Fold Strap Pieces #5a and #5b in half lengthwise so they are long and even skinnier. Iron flat.
Align Bib Piece #4's raw edge with the short edge of Strap Piece #5a on the left and Strap Piece #5b on the right. Strap pieces should have open edges facing the Bib piece. See Figure 1 for clarification (included in the Template download for easier reading).
Insert the bib .5" (1.27cm) into each strap and pin. See Figure 2 for clarification (included in the Template download for easier reading).
Continue pinning down Strap Pieces #5a and #5b until their ends.
Sew seams along pinned edges of Strap Piece #5a and #5b.
Now we'll attach the shoulder ruffles. Hem the outer (angled) edge of Shoulder Ruffle Piece #7a. Run two lines of basting stitch on inner (straight) edge and gather until Shoulder Ruffle Piece #7a is half its original length, or 2B" (= Measurement IV).
Repeat for Shoulder Ruffle Piece #7b.
Position and pin Shoulder Ruffle Piece #7a on shoulder strap 5a starting at the top of bib. There should be .5" of overlap, giving you plenty of room to sew this seam after pinning. Adjust fullness evenly and be sure the widest part of Shoulder Ruffle Piece #7a falls at the top of the shoulder, B" (= Measurement V) inches from the top of Bib Piece #4.

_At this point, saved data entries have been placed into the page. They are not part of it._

lemma distinct_tagged_positions:
  assumes "distinct vs"
    and "\<forall>v\<in>set vs. p v 0 < p v 1 \<and> p v 1 < p v 2"
    and "\<forall>x\<in>set vs. \<forall>y\<in>set vs. x \<noteq> y \<longrightarrow> disjoint_positions (p x) (p y)"
  shows "distinct (map fst (concat (map (tagged_positions p) vs)))"
  using assms
proof (induction vs)
  case Nil
  then show ?case by simp
next
  case (Cons v vs)
  have "set (map fst (concat (map (tagged_positions p) vs))) = (\<Union>u\<in>set vs. {p u 0, p u 1, p u 2})"
    by (auto simp: tagged_positions_def image_iff)
  moreover have "p v s \<noteq> p u t" if "u \<in> set vs" "s < 3" "t < 3" for u s t
    using Cons.prems that unfolding disjoint_positions_def
    by (metis list.set_intros distinct.simps(2))
  ultimately have "p v s \<notin> set (map fst (concat (map (tagged_positions p) vs)))" if "s < 3" for s
    using that by auto
  then show ?case
    using Cons by (simp add: tagged_positions_def[of p v])
qed

definition realises :: "bool \<Rightarrow> (nat \<Rightarrow> int) \<Rightarrow> (nat \<Rightarrow> int) \<Rightarrow> bool" where
  "realises e p q \<longleftrightarrow> disjoint_positions p q \<and> (e \<longleftrightarrow> interleaved p q \<or> interleaved q p)"

lemma word_representable_of_placement:
  fixes vs :: "'v list" and p :: "'v placement"
  assumes "distinct vs"
    and increasing: "\<forall>v\<in>set vs. p v 0 < p v 1 \<and> p v 1 < p v 2"
    and realised: "\<forall>x\<in>set vs. \<forall>y\<in>set vs. x \<noteq> y \<longrightarrow> realises (E x y) (p x) (p y)"
  shows "word_representable (set vs, E)"
proof -
  let ?w = "word_of_placement vs p"
  have disjoint: "\<forall>x\<in>set vs. \<forall>y\<in>set vs. x \<noteq> y \<longrightarrow> disjoint_positions (p x) (p y)"
    using realised unfolding realises_def by blast
  then have keys: "distinct (map fst (concat (map (tagged_positions p) vs)))"
    using distinct_tagged_positions assms(1,2) by blast
  have "leads ?w x y \<longleftrightarrow> interleaved (p x) (p y)"
    if "x \<in> set vs" "y \<in> set vs" "x \<noteq> y" for x y
    using leads_word_of_placement_iff[OF assms(1) keys that(1,2)]
      count_below_leads_iff_interleaved[of "p x" "p y"] increasing disjoint that by simp
  then have "alternate ?w x y \<longleftrightarrow> E x y"
    if "x \<in> set vs" "y \<in> set vs" "x \<noteq> y" for x y
    using alternate_iff_leads[OF that(3)] realised that unfolding realises_def by metis
  then show ?thesis
    unfolding word_representable_def using set_word_of_placement by (metis fst_conv snd_conv)
qed

lemma disjoint_positions_commute: "disjoint_positions p q \<longleftrightarrow> disjoint_positions q p"
  unfolding disjoint_positions_def by metis

lemma realises_commute: "realises e p q \<longleftrightarrow> realises e q p"
  unfolding realises_def using disjoint_positions_commute by blast

lemma disjoint_positions_iff:
  "disjoint_positions p q \<longleftrightarrow> p 0 \<notin> {q 0, q 1, q 2} \<and> p 1 \<notin> {q 0, q 1, q 2} \<and> p 2 \<notin> {q 0, q 1, q 2}"
  by (simp add: disjoint_positions_def numeral_3_eq_3 All_less_Suc numeral_2_eq_2 conj_ac)

lemma split_graph_simps [simp]:
  "fst (split_graph C I N) = Inl ` C \<union> Inr ` I"
  "snd (split_graph C I N) (Inl j) (Inl j') \<longleftrightarrow> j \<in> C \<and> j' \<in> C \<and> j \<noteq> j'"
  "snd (split_graph C I N) (Inr i) (Inl j) \<longleftrightarrow> i \<in> I \<and> j \<in> C \<and> j \<in> N i"
  "snd (split_graph C I N) (Inl j) (Inr i) \<longleftrightarrow> i \<in> I \<and> j \<in> C \<and> j \<in> N i"
  "\<not> snd (split_graph C I N) (Inr i) (Inr i')"
  by (auto simp: split_graph_def)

Once Shoulder Ruffle Piece #7a is pinned on, take the hemmed points of the outer (angled) edge and pull them (like a fan) to the inside of Strap Piece #5a and pin down.
Sew seam starting at one end of Strap Piece #5a, securing then entire length of Shoulder Ruffle Piece #7a, and finishing at the end of Strap Piece #5a.
Repeat for Shoulder Ruffle Piece #7b, mirrored to match.
Attach Apron Top to Apron Skirt:
Place Apron Skirt WS up on your sewing table. Center Apron Top, also WS up, on Waistband Piece#2. Overlap Apron Top onto Apron Skirt by .5" and pin.
Sew seam, beginning at the furthest edge of Tie Piece #3a, across Waistband Piece #2, to the end of Tie Piece #3b. You want this seam to match the seam on the bottom of the waistband that was made when you attached Waistband Piece #2 to the Skirt Piece #1.
Next, using friend or dressmaker's dummy, try on the apron, tying waist ties snugly. Cross shoulder straps to make an X on the back and pin ends of straps to ties, approximately 1" from where the ties meet the waistband, adjusting for fit as necessary. Too-loose straps should be pinned closer to the waistband; too-tight straps should be pinned further from the waistband. Sew straps to ties and trim away any excess strap fabric.
Finishing
Iron or steam wrinkles out. Wear, trying not to eat or drink anything that doesn't belong to you.